Activity →
When you return the data, keep each character exactly as it appears.

[Dataset entries]
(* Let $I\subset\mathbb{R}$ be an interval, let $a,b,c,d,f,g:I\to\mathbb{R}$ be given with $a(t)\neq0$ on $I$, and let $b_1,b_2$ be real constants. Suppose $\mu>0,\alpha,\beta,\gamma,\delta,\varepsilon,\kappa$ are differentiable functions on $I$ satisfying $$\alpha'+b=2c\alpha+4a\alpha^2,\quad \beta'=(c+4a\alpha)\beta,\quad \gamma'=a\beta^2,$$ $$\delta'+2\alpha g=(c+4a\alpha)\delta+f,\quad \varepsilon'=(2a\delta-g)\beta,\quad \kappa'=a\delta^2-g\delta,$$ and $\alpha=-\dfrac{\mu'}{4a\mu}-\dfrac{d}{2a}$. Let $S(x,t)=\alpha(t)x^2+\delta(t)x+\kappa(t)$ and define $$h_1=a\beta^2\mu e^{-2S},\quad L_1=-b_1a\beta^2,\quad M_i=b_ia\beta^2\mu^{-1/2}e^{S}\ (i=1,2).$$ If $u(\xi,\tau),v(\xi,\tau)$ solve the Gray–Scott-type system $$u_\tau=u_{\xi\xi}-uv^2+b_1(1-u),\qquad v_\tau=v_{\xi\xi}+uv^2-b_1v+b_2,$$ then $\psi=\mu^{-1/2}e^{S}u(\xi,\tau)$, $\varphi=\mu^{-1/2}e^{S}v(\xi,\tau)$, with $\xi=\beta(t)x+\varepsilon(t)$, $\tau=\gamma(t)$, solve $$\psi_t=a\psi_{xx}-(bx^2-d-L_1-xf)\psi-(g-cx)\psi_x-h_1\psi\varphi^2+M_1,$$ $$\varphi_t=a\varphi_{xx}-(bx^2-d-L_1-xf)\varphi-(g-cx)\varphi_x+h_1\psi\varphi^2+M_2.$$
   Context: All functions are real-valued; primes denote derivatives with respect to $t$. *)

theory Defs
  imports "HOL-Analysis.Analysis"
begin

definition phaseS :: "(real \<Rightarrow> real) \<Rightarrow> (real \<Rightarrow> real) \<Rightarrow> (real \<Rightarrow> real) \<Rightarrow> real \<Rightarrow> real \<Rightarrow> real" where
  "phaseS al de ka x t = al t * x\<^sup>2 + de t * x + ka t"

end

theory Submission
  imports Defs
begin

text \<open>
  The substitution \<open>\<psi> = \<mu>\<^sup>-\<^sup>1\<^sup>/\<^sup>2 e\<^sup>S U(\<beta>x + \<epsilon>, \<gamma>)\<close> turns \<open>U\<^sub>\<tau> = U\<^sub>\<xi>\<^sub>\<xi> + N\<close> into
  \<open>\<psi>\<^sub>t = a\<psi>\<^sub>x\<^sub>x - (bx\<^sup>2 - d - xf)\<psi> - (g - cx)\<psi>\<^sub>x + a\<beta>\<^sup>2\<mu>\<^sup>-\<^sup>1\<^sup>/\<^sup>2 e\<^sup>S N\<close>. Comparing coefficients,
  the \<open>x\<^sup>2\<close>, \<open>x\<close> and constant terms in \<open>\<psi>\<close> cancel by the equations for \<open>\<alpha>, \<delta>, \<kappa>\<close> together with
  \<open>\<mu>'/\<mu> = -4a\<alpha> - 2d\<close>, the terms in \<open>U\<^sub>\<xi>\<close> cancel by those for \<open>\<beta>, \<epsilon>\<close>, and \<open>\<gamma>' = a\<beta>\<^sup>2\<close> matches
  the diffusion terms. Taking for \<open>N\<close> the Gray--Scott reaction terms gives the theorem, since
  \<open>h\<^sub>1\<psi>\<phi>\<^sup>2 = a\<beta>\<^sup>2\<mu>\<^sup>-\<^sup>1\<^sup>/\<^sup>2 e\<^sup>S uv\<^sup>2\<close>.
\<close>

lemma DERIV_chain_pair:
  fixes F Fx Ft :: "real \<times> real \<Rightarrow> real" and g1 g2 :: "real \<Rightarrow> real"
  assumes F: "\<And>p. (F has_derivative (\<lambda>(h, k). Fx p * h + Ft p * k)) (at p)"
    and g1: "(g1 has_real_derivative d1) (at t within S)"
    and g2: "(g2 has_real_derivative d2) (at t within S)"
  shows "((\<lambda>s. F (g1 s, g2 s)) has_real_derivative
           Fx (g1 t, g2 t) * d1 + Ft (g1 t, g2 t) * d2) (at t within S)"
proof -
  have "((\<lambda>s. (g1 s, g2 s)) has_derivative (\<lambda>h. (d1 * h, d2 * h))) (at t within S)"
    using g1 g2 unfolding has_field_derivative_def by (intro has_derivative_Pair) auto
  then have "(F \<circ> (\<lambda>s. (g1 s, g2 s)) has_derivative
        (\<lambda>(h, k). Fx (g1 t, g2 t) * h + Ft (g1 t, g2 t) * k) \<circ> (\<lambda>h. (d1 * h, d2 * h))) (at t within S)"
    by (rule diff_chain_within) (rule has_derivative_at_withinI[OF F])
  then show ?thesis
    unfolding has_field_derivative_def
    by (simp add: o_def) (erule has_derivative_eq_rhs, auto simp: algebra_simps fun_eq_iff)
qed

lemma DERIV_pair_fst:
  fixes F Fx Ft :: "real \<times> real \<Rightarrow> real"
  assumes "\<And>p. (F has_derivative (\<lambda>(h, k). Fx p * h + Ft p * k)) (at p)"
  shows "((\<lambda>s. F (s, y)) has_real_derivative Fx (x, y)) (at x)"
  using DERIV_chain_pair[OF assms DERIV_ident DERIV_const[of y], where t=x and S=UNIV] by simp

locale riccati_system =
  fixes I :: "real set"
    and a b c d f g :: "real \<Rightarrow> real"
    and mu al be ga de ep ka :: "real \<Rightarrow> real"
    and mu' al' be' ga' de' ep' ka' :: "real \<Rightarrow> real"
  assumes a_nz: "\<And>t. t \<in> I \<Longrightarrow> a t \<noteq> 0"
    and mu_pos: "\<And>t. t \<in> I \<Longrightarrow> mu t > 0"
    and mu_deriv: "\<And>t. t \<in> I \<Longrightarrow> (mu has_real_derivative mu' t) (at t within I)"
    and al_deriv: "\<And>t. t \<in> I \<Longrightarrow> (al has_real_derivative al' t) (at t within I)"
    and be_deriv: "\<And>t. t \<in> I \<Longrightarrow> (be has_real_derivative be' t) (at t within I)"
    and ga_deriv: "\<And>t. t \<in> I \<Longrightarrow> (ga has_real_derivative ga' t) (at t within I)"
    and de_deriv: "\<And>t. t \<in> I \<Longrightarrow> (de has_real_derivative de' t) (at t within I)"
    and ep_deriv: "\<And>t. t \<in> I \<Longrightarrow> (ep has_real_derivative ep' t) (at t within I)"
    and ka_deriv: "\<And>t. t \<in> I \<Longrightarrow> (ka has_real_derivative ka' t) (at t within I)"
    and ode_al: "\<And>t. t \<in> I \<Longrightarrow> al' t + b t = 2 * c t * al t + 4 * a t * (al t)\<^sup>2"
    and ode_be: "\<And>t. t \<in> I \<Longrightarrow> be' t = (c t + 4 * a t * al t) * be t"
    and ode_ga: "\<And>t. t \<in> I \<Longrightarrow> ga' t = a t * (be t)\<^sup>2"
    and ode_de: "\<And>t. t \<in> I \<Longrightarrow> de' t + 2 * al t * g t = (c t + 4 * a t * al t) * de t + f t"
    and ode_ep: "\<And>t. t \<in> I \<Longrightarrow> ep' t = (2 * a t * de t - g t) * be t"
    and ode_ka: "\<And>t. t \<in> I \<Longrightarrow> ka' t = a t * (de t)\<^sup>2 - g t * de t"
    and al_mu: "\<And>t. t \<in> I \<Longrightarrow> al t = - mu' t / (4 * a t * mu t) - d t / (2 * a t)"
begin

Solution to the exercise →
(* Let $I\subset\mathbb{R}$ be an interval, let $a,b,c,d,f,g:I\to\mathbb{R}$ be given with $a(t)\neq0$ on $I$, and let $b_1,b_2$ be real constants. Suppose $\mu>0,\alpha,\beta,\gamma,\delta,\varepsilon,\kappa$ are differentiable functions on $I$ satisfying $$\alpha'+b=2c\alpha+4a\alpha^2,\quad \beta'=(c+4a\alpha)\beta,\quad \gamma'=a\beta^2,$$ $$\delta'+2\alpha g=(c+4a\alpha)\delta+f,\quad \varepsilon'=(2a\delta-g)\beta,\quad \kappa'=a\delta^2-g\delta,$$ and $\alpha=-\dfrac{\mu'}{4a\mu}-\dfrac{d}{2a}$. Let $S(x,t)=\alpha(t)x^2+\delta(t)x+\kappa(t)$ and define $$h_1=a\beta^2\mu e^{-2S},\quad L_1=-b_1a\beta^2,\quad M_i=b_ia\beta^2\mu^{-1/2}e^{S}\ (i=1,2).$$ If $u(\xi,\tau),v(\xi,\tau)$ solve the Gray–Scott-type system $$u_\tau=u_{\xi\xi}-uv^2+b_1(1-u),\qquad v_\tau=v_{\xi\xi}+uv^2-b_1v+b_2,$$ then $\psi=\mu^{-1/2}e^{S}u(\xi,\tau)$, $\varphi=\mu^{-1/2}e^{S}v(\xi,\tau)$, with $\xi=\beta(t)x+\varepsilon(t)$, $\tau=\gamma(t)$, solve $$\psi_t=a\psi_{xx}-(bx^2-d-L_1-xf)\psi-(g-cx)\psi_x-h_1\psi\varphi^2+M_1,$$ $$\varphi_t=a\varphi_{xx}-(bx^2-d-L_1-xf)\varphi-(g-cx)\varphi_x+h_1\psi\varphi^2+M_2.$$
   Context: All functions are real-valued; primes denote derivatives with respect to $t$. *)

theory Defs
  imports "HOL-Analysis.Analysis"
begin

definition phaseS :: "(real \<Rightarrow> real) \<Rightarrow> (real \<Rightarrow> real) \<Rightarrow> (real \<Rightarrow> real) \<Rightarrow> real \<Rightarrow> real \<Rightarrow> real" where
  "phaseS al de ka x t = al t * x\<^sup>2 + de t * x + ka t"

end

theory Submission
  imports Defs
begin

text \<open>
  The substitution \<open>\<psi> = \<mu>\<^sup>-\<^sup>1\<^sup>/\<^sup>2 e\<^sup>S U(\<beta>x + \<epsilon>, \<gamma>)\<close> turns \<open>U\<^sub>\<tau> = U\<^sub>\<xi>\<^sub>\<xi> + N\<close> into
  \<open>\<psi>\<^sub>t = a\<psi>\<^sub>x\<^sub>x - (bx\<^sup>2 - d - xf)\<psi> - (g - cx)\<psi>\<^sub>x + a\<beta>\<^sup>2\<mu>\<^sup>-\<^sup>1\<^sup>/\<^sup>2 e\<^sup>S N\<close>. Comparing coefficients,
  the \<open>x\<^sup>2\<close>, \<open>x\<close> and constant terms in \<open>\<psi>\<close> cancel by the equations for \<open>\<alpha>, \<delta>, \<kappa>\<close> together with
  \<open>\<mu>'/\<mu> = -4a\<alpha> - 2d\<close>, the terms in \<open>U\<^sub>\<xi>\<close> cancel by those for \<open>\<beta>, \<epsilon>\<close>, and \<open>\<gamma>' = a\<beta>\<^sup>2\<close> matches
  the diffusion terms. Taking for \<open>N\<close> the Gray--Scott reaction terms gives the theorem, since
  \<open>h\<^sub>1\<psi>\<phi>\<^sup>2 = a\<beta>\<^sup>2\<mu>\<^sup>-\<^sup>1\<^sup>/\<^sup>2 e\<^sup>S uv\<^sup>2\<close>.
\<close>

lemma DERIV_chain_pair:
  fixes F Fx Ft :: "real \<times> real \<Rightarrow> real" and g1 g2 :: "real \<Rightarrow> real"
  assumes F: "\<And>p. (F has_derivative (\<lambda>(h, k). Fx p * h + Ft p * k)) (at p)"
    and g1: "(g1 has_real_derivative d1) (at t within S)"
    and g2: "(g2 has_real_derivative d2) (at t within S)"
  shows "((\<lambda>s. F (g1 s, g2 s)) has_real_derivative
           Fx (g1 t, g2 t) * d1 + Ft (g1 t, g2 t) * d2) (at t within S)"
proof -
  have "((\<lambda>s. (g1 s, g2 s)) has_derivative (\<lambda>h. (d1 * h, d2 * h))) (at t within S)"
    using g1 g2 unfolding has_field_derivative_def by (intro has_derivative_Pair) auto
  then have "(F \<circ> (\<lambda>s. (g1 s, g2 s)) has_derivative
        (\<lambda>(h, k). Fx (g1 t, g2 t) * h + Ft (g1 t, g2 t) * k) \<circ> (\<lambda>h. (d1 * h, d2 * h))) (at t within S)"
    by (rule diff_chain_within) (rule has_derivative_at_withinI[OF F])
  then show ?thesis
    unfolding has_field_derivative_def
    by (simp add: o_def) (erule has_derivative_eq_rhs, auto simp: algebra_simps fun_eq_iff)
qed

lemma DERIV_pair_fst:
  fixes F Fx Ft :: "real \<times> real \<Rightarrow> real"
  assumes "\<And>p. (F has_derivative (\<lambda>(h, k). Fx p * h + Ft p * k)) (at p)"
  shows "((\<lambda>s. F (s, y)) has_real_derivative Fx (x, y)) (at x)"
  using DERIV_chain_pair[OF assms DERIV_ident DERIV_const[of y], where t=x and S=UNIV] by simp

locale riccati_system =
  fixes I :: "real set"
    and a b c d f g :: "real \<Rightarrow> real"
    and mu al be ga de ep ka :: "real \<Rightarrow> real"
    and mu' al' be' ga' de' ep' ka' :: "real \<Rightarrow> real"
  assumes a_nz: "\<And>t. t \<in> I \<Longrightarrow> a t \<noteq> 0"
    and mu_pos: "\<And>t. t \<in> I \<Longrightarrow> mu t > 0"
    and mu_deriv: "\<And>t. t \<in> I \<Longrightarrow> (mu has_real_derivative mu' t) (at t within I)"
    and al_deriv: "\<And>t. t \<in> I \<Longrightarrow> (al has_real_derivative al' t) (at t within I)"
    and be_deriv: "\<And>t. t \<in> I \<Longrightarrow> (be has_real_derivative be' t) (at t within I)"
    and ga_deriv: "\<And>t. t \<in> I \<Longrightarrow> (ga has_real_derivative ga' t) (at t within I)"
    and de_deriv: "\<And>t. t \<in> I \<Longrightarrow> (de has_real_derivative de' t) (at t within I)"
    and ep_deriv: "\<And>t. t \<in> I \<Longrightarrow> (ep has_real_derivative ep' t) (at t within I)"
    and ka_deriv: "\<And>t. t \<in> I \<Longrightarrow> (ka has_real_derivative ka' t) (at t within I)"
    and ode_al: "\<And>t. t \<in> I \<Longrightarrow> al' t + b t = 2 * c t * al t + 4 * a t * (al t)\<^sup>2"
    and ode_be: "\<And>t. t \<in> I \<Longrightarrow> be' t = (c t + 4 * a t * al t) * be t"
    and ode_ga: "\<And>t. t \<in> I \<Longrightarrow> ga' t = a t * (be t)\<^sup>2"
    and ode_de: "\<And>t. t \<in> I \<Longrightarrow> de' t + 2 * al t * g t = (c t + 4 * a t * al t) * de t + f t"
    and ode_ep: "\<And>t. t \<in> I \<Longrightarrow> ep' t = (2 * a t * de t - g t) * be t"
    and ode_ka: "\<And>t. t \<in> I \<Longrightarrow> ka' t = a t * (de t)\<^sup>2 - g t * de t"
    and al_mu: "\<And>t. t \<in> I \<Longrightarrow> al t = - mu' t / (4 * a t * mu t) - d t / (2 * a t)"
begin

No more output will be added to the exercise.